A sample phishing email discovered by Fortinet can be seen below:

Image credit: Fortinet

Upon execution, GandCrab encrypts all files on the infected machine including personal and office documents, photos, videos and music files. All encrypted files have the .CRAB extension appended.

GandCrab uses an RSA algorithm to encrypt victim's files and includes a CRAB-DECRYPT.txt file that displays the decryption instructions. Earlier, Gandcrab attacks demanded a ransom of around $1200 worth of Dash. Now, the ransomware demands victims pay up $400 and warn the ransom will be if not paid within a few days. The payment link from the ransom note directs you to a website that can only be accessed through a TOR browser.

Image credit: Fortinet

GandCrab was first discovered by Malwarebytes researchers on January 26, 2018. Since then, the attackers behind the ransomware are found to be regularly updating their malware and attack methods. Experts suggest victims should not pay the ransom as there is no guarantee their files will be decrypted.

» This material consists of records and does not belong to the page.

(* Every countably compact hereditarily normal topological group that contains a non-trivial convergent sequence is metrizable.
   Context: All spaces are assumed to be $T_1$. A non-trivial convergent sequence is a subspace homeomorphic to the subspace $\{0\}\cup\{1/n : n=1,2,3,\dots\}$ of the real line. *)

theory Defs
  imports "HOL-Analysis.Analysis" "HOL-Algebra.Group"
begin

definition topological_group :: "('a, 'b) monoid_scheme \<Rightarrow> 'a topology \<Rightarrow> bool" where
  "topological_group G X \<longleftrightarrow>
     group G \<and> topspace X = carrier G \<and>
     continuous_map (prod_topology X X) X (\<lambda>p. fst p \<otimes>\<^bsub>G\<^esub> snd p) \<and>
     continuous_map X X (\<lambda>x. inv\<^bsub>G\<^esub> x)"

definition countably_compact_space :: "'a topology \<Rightarrow> bool" where
  "countably_compact_space X \<longleftrightarrow>
     (\<forall>\<U>. countable \<U> \<and> (\<forall>U\<in>\<U>. openin X U) \<and> topspace X \<subseteq> \<Union>\<U>
        \<longrightarrow> (\<exists>\<F>\<subseteq>\<U>. finite \<F> \<and> topspace X \<subseteq> \<Union>\<F>))"

definition conv_seq_space :: "real topology" where
  "conv_seq_space = subtopology euclideanreal ({0} \<union> {1 / real n | n. n \<ge> 1})"

definition has_nontrivial_convergent_sequence :: "'a topology \<Rightarrow> bool" where
  "has_nontrivial_convergent_sequence X \<longleftrightarrow>
     (\<exists>S \<subseteq> topspace X. subtopology X S homeomorphic_space conv_seq_space)"

end

theory Submission
  imports Defs
begin

(* Let x_k -> p be a non-trivial convergent sequence and separate each x_k from p by disjoint
   open sets P_k and R_k. By hereditary normality the sequence and the points outside all P_k
   other than p have disjoint open neighbourhoods V and U. Since x_k p^-1 y -> y, no point y
   other than p lies in every set R_k \<inter> (x_k p^-1)^-1 V, so {p} is a G-delta, and by homogeneity
   so is {1}. In a countably compact regular space a G-delta point has a countable neighbourhood
   base. As finitely many translates of any neighbourhood of 1 cover a countably compact group,
   the group is second countable, hence compact, and a compact Hausdorff second countable space
   embeds in R^nat by countably many Urysohn functions. *)

section \<open>Countably compact spaces\<close>

lemma countably_compact_space_cover_nat:
  fixes U :: "nat \<Rightarrow> 'a set"
  assumes cc: "countably_compact_space X" and "openin X U0" and "\<And>n. openin X (U n)"
    and cover: "topspace X \<subseteq> U0 \<union> (\<Union>n. U n)"
  obtains M where "topspace X \<subseteq> U0 \<union> (\<Union>n<M. U n)"
proof -
  have "countable (insert U0 (range U))"
    by simp
  moreover have "\<forall>V\<in>insert U0 (range U). openin X V"
    using assms(2,3) by blast
  moreover have "topspace X \<subseteq> \<Union>(insert U0 (range U))"
    using cover by simp
  ultimately obtain \<F> where \<F>: "\<F> \<subseteq> insert U0 (range U)" "finite \<F>" "topspace X \<subseteq> \<Union>\<F>"
    using cc unfolding countably_compact_space_def by meson
  obtain C where C: "finite C" "\<F> - {U0} = U ` C"
    using finite_subset_image[of "\<F> - {U0}" U UNIV] \<F>(1,2) by auto
  obtain M where "C \<subseteq> {..<M}"
    using finite_nat_bounded[OF C(1)] by blast
  then have "\<Union>\<F> \<subseteq> U0 \<union> (\<Union>n<M. U n)"
    using C(2) by blast
  with \<F>(3) have "topspace X \<subseteq> U0 \<union> (\<Union>n<M. U n)"
    by (rule order_trans)
  then show thesis
    by (rule that)
qed

lemma sequence_avoiding_predecessors:
  assumes "\<And>F. finite F \<Longrightarrow> F \<subseteq> A \<Longrightarrow> \<exists>y\<in>A. \<forall>d\<in>F. R d y"
  obtains g :: "nat \<Rightarrow> 'a" where "\<And>k. g k \<in> A" "\<And>j k. j < k \<Longrightarrow> R (g j) (g k)"
proof -
  have "\<exists>g :: nat \<Rightarrow> 'a. \<forall>k. g k \<in> A \<and> (\<forall>j<k. R (g j) (g k))"
  proof (rule dependent_wf_choice[OF wf_less, where P = "\<lambda>g k r. r \<in> A \<and> (\<forall>j<k. R (g j) r)"])
    fix k and g :: "nat \<Rightarrow> 'a"
    assume "\<And>j. (j, k) \<in> {(x, y). x < y} \<Longrightarrow> g j \<in> A \<and> (\<forall>i<j. R (g i) (g j))"
    then have "g ` {..<k} \<subseteq> A"
      by auto
    then show "\<exists>r. r \<in> A \<and> (\<forall>j<k. R (g j) r)"
      using assms[of "g ` {..<k}"] by auto
  qed auto
  then show thesis
    using that by blast
qed

lemma countably_compact_second_countable_imp_compact_space:
  assumes "second_countable X" and cc: "countably_compact_space X"
  shows "compact_space X"
  unfolding compact_space_alt
proof (intro allI impI)
  fix \<U> assume \<U>: "(\<forall>U\<in>\<U>. openin X U) \<and> topspace X \<subseteq> \<Union>\<U>"
  then have "\<Union>\<U> = topspace X"
    using openin_subset by blast
  moreover have "Lindelof_space X"
    using \<open>second_countable X\<close> by (rule second_countable_imp_Lindelof_space)
  ultimately obtain \<V> where \<V>: "countable \<V>" "\<V> \<subseteq> \<U>" "\<Union>\<V> = topspace X"
    using \<U> unfolding Lindelof_space_def by meson
  moreover have "\<forall>V\<in>\<V>. openin X V"
    using \<U> \<V>(2) by blast
  moreover have "topspace X \<subseteq> \<Union>\<V>"
    using \<V>(3) by simp
  ultimately obtain \<F> where "\<F> \<subseteq> \<V>" "finite \<F>" "topspace X \<subseteq> \<Union>\<F>"
    using cc unfolding countably_compact_space_def by meson
  with \<V>(2) show "\<exists>\<F>. finite \<F> \<and> \<F> \<subseteq> \<U> \<and> topspace X \<subseteq> \<Union>\<F>"
    by blast
qed

lemma regular_space_closure_of_subset_open:
  assumes "regular_space X" "openin X W" "x \<in> W"
  obtains U where "openin X U" "x \<in> U" "X closure_of U \<subseteq> W"
proof -
  obtain U C where "openin X U" "closedin X C" "x \<in> U" "U \<subseteq> C" "C \<subseteq> W"
    using assms neighbourhood_base_of_closedin[of X] unfolding neighbourhood_base_of by metis
  moreover have "X closure_of U \<subseteq> C"
    using \<open>U \<subseteq> C\<close> \<open>closedin X C\<close> by (rule closure_of_minimal)
  ultimately show thesis
    using that \<open>C \<subseteq> W\<close> by (meson order_trans)
qed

GrandCrab or other ransomware attacks can be prevented by employing good cybersecurity hygiene and digital security practices. Users should be wary of any unsolicited emails and executable attachments, given that many come disguised as messages from popular companies and services. It is also recommended to have a secondary data backup in an isolated network environment to safely recover user data given that any ransomware can cause irreversible damage to an infected machine and user data.